The first step is to decide upon a definition for “wear” in the context of the data and the question at hand. Depending on what analysis or question is of interest, the definition of “wear” can drastically change. For example, an analysis involving sleep quality and staging may require the definition of “wear” to include common sleep hours (eg, 8 PM to 8 AM) or a minimum monitored sleep duration time, such as that reported by Fitbit devices, but other analyses may only require a daily wear level, which gives an idea of a participant’s activity and physiological state without requirements regarding wear during specific activities, such as sleep and exercise, as described in the Sources of Data Missingness in Fitbit Device Data section [37].

One way to calculate a daily wear level is to leverage minute-level heart rate data, as most consumer devices only collect these data when they are worn on the wrist. This would, for example, help to avoid including step count data that may have been collected when a device is in a purse. By dividing the total count of minute-level heart rate observations collected within a single day by the total number of minutes when such data were possible to collect (1440 min in 1 d), we can derive a reasonable estimate of the proportion of the day when the device was on the wrist.

Once established, the daily wear level threshold can be used for filtering out nonwear data and participants; the optimal threshold for filtering should be selected carefully to avoid unnecessary data loss (Figure 1A, Figure 1B). The optimal threshold is where data loss is minimized and there is adequate statistical power to draw conclusions from the analysis (Figure 1C).

**Figure 1.** Graphs A and B show the total counts of participants and days, respectively, that meet each wear threshold, with an optimal threshold of <0.4. Graph C shows the mean and median total days (per participant) with a wear level greater than or equal to each wear threshold, demonstrating an optimal threshold of between 0.3 and 0.4. The 95% CI (indicated in blue) was calculated as follows: μ ± σ/√n. The IQR (indicated in orange dashed lines) indicates the first and third quartile values. The controlled tier AoURP version 7 data set (C2022Q4R9) was used to generate Figure 1. AoURP: *All of Us* Research Program.

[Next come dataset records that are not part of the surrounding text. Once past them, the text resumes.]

lemma gamma_additive_iff:
  assumes "finite X" "hypergraph X H" "A \<union> B \<subseteq> X" "A \<inter> B = {}"
  shows "gamma X H (A \<union> B) = gamma X H A + gamma X H B
           \<longleftrightarrow> (\<forall>e\<in>H. e \<subseteq> A \<union> B \<longrightarrow> e \<subseteq> A \<or> e \<subseteq> B)"
  using gamma_Un_disjoint[OF assms] finite_hyperedges[OF assms(1,2)] by auto

lemma rigid_indec_gamma:
  assumes "finite X" "hypergraph X H"
  shows "rigid_indec X (gamma X H)"
  unfolding rigid_indec_def
proof (intro allI impI, elim conjE)
  fix A B A' B'
  assume "A \<subseteq> X" "B \<subseteq> X" "A \<inter> B = {}" "A' \<subseteq> A" "B' \<subseteq> B"
    and "gamma X H (A \<union> B) = gamma X H A + gamma X H B"
  moreover have "A \<union> B \<subseteq> X" "A' \<union> B' \<subseteq> X" "A' \<inter> B' = {}"
    using calculation by blast+
  ultimately have "\<forall>e\<in>H. e \<subseteq> A \<union> B \<longrightarrow> e \<subseteq> A \<or> e \<subseteq> B"
    using gamma_additive_iff[OF assms \<open>A \<union> B \<subseteq> X\<close> \<open>A \<inter> B = {}\<close>] by simp
  have "e \<subseteq> A' \<or> e \<subseteq> B'" if "e \<in> H" "e \<subseteq> A' \<union> B'" for e
  proof -
    have "e \<subseteq> A \<or> e \<subseteq> B"
      using \<open>\<forall>e\<in>H. e \<subseteq> A \<union> B \<longrightarrow> e \<subseteq> A \<or> e \<subseteq> B\<close> that \<open>A' \<subseteq> A\<close> \<open>B' \<subseteq> B\<close> by blast
    then show ?thesis
      using that(2) \<open>A \<inter> B = {}\<close> \<open>A' \<subseteq> A\<close> \<open>B' \<subseteq> B\<close> by blast
  qed
  then show "gamma X H (A' \<union> B') = gamma X H A' + gamma X H B'"
    using gamma_additive_iff[OF assms \<open>A' \<union> B' \<subseteq> X\<close> \<open>A' \<inter> B' = {}\<close>] by blast
qed

lemma hyperedges_split_by_star1:
  assumes "finite X" "hypergraph X H" "Z \<subseteq> X"
    and "f' \<in> Bool (X - Z)" "f'' \<in> Bool Z" "gamma X H = star1 (X - Z) Z f' f''"
    and "e \<in> H"
  shows "e \<subseteq> X - Z \<or> e \<subseteq> Z"
proof -
  have "(X - Z) \<union> Z = X" using assms(3) by blast
  then have gamma_split: "gamma X H A = f' (A \<inter> (X - Z)) + f'' (A \<inter> Z)" if "A \<subseteq> X" for A
    using that unfolding assms(6) star1_def by simp
  have "f' {} = 0" "f'' {} = 0"
    using assms(4,5) unfolding Bool_def by auto
  have "e \<subseteq> X" using assms(2,7) unfolding hypergraph_def by blast
  let ?outside = "e \<inter> (X - Z)" and ?inside = "e \<inter> Z"
  have "?outside \<inter> (X - Z) = ?outside" "?outside \<inter> Z = {}"
    "?inside \<inter> (X - Z) = {}" "?inside \<inter> Z = ?inside" "?outside \<subseteq> X" "?inside \<subseteq> X"
    using \<open>e \<subseteq> X\<close> by blast+
  then have "gamma X H ?outside = f' ?outside" "gamma X H ?inside = f'' ?inside"
    using gamma_split[of ?outside] gamma_split[of ?inside] \<open>f' {} = 0\<close> \<open>f'' {} = 0\<close> by simp_all
  with gamma_split[OF \<open>e \<subseteq> X\<close>]
  have "gamma X H e = gamma X H ?outside + gamma X H ?inside" by linarith
  moreover have "?outside \<union> ?inside = e" "?outside \<inter> ?inside = {}"
    using \<open>e \<subseteq> X\<close> by blast+
  ultimately have "\<forall>e'\<in>H. e' \<subseteq> e \<longrightarrow> e' \<subseteq> ?outside \<or> e' \<subseteq> ?inside"
    using gamma_additive_iff[OF assms(1,2), of ?outside ?inside] \<open>e \<subseteq> X\<close> by simp
  with assms(7) show ?thesis
    by (metis Int_subset_iff order_refl)
qed

definition hyperedge_partition :: "'a set \<Rightarrow> 'a set set \<Rightarrow> 'a set set \<Rightarrow> bool" where
  "hyperedge_partition X H P \<longleftrightarrow> partition_on X P \<and> (\<forall>e\<in>H. \<exists>Y\<in>P. e \<subseteq> Y)"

After removing nonwear data (ie, contiguous blocks of missing observations), it is important to identify other sources of data missingness and determine whether mitigation is best done by using imputation or by using the complete case method [43]. Sometimes, the decision can be made based on the extent of the missingness relative to the overall data volume needed for analysis, and at times, it may be deemed that the original analysis cannot be performed as planned due to insufficient data. As an example, a recent study on COVID-19 detection via Fitbit device data calculated the mean over 5-minute intervals of heart rate data; subsequently, any missing data over full 5-minute intervals were imputed by using the median heart rate value from a previously defined 14-day window [45]. Although it is common in wearable data analysis to use the mean and median values of heart rate data for imputation, new imputation methods for biomedical wearable data have also been developed to incorporate machine learning for improved imputation accuracy [46,47]. Although imputation can be beneficial because it preserves data, it should be noted that imputation is not always a good idea, particularly in cases with substantial missingness for which typical values cannot be established.

Accounting for Noise

Many methods exist to reduce noise in raw signal data (ie, sample-level or high-frequency signal data), particularly when the source of the noise is well characterized. Unfortunately, consumer devices typically do not give access to such high-frequency data, but their firmware and adaptive data collection methods are thought to include steps that account for skin tone–related errors and motion artifacts. Unfortunately, the public has no way of assessing how well these methods perform. Based on this, it is difficult for researchers to directly address errors resulting from skin tone or motion artifact errors. However, some general data cleaning strategies exist that may help to mitigate noise in the data, regardless of the source of the noise (Table 1). In this section, we discuss how to leverage changes from an individual’s baseline, filtering during repeated activities, and z score normalization to improve the signal to noise ratio (SNR). We recommend using these techniques in combination with one another to best mitigate noise.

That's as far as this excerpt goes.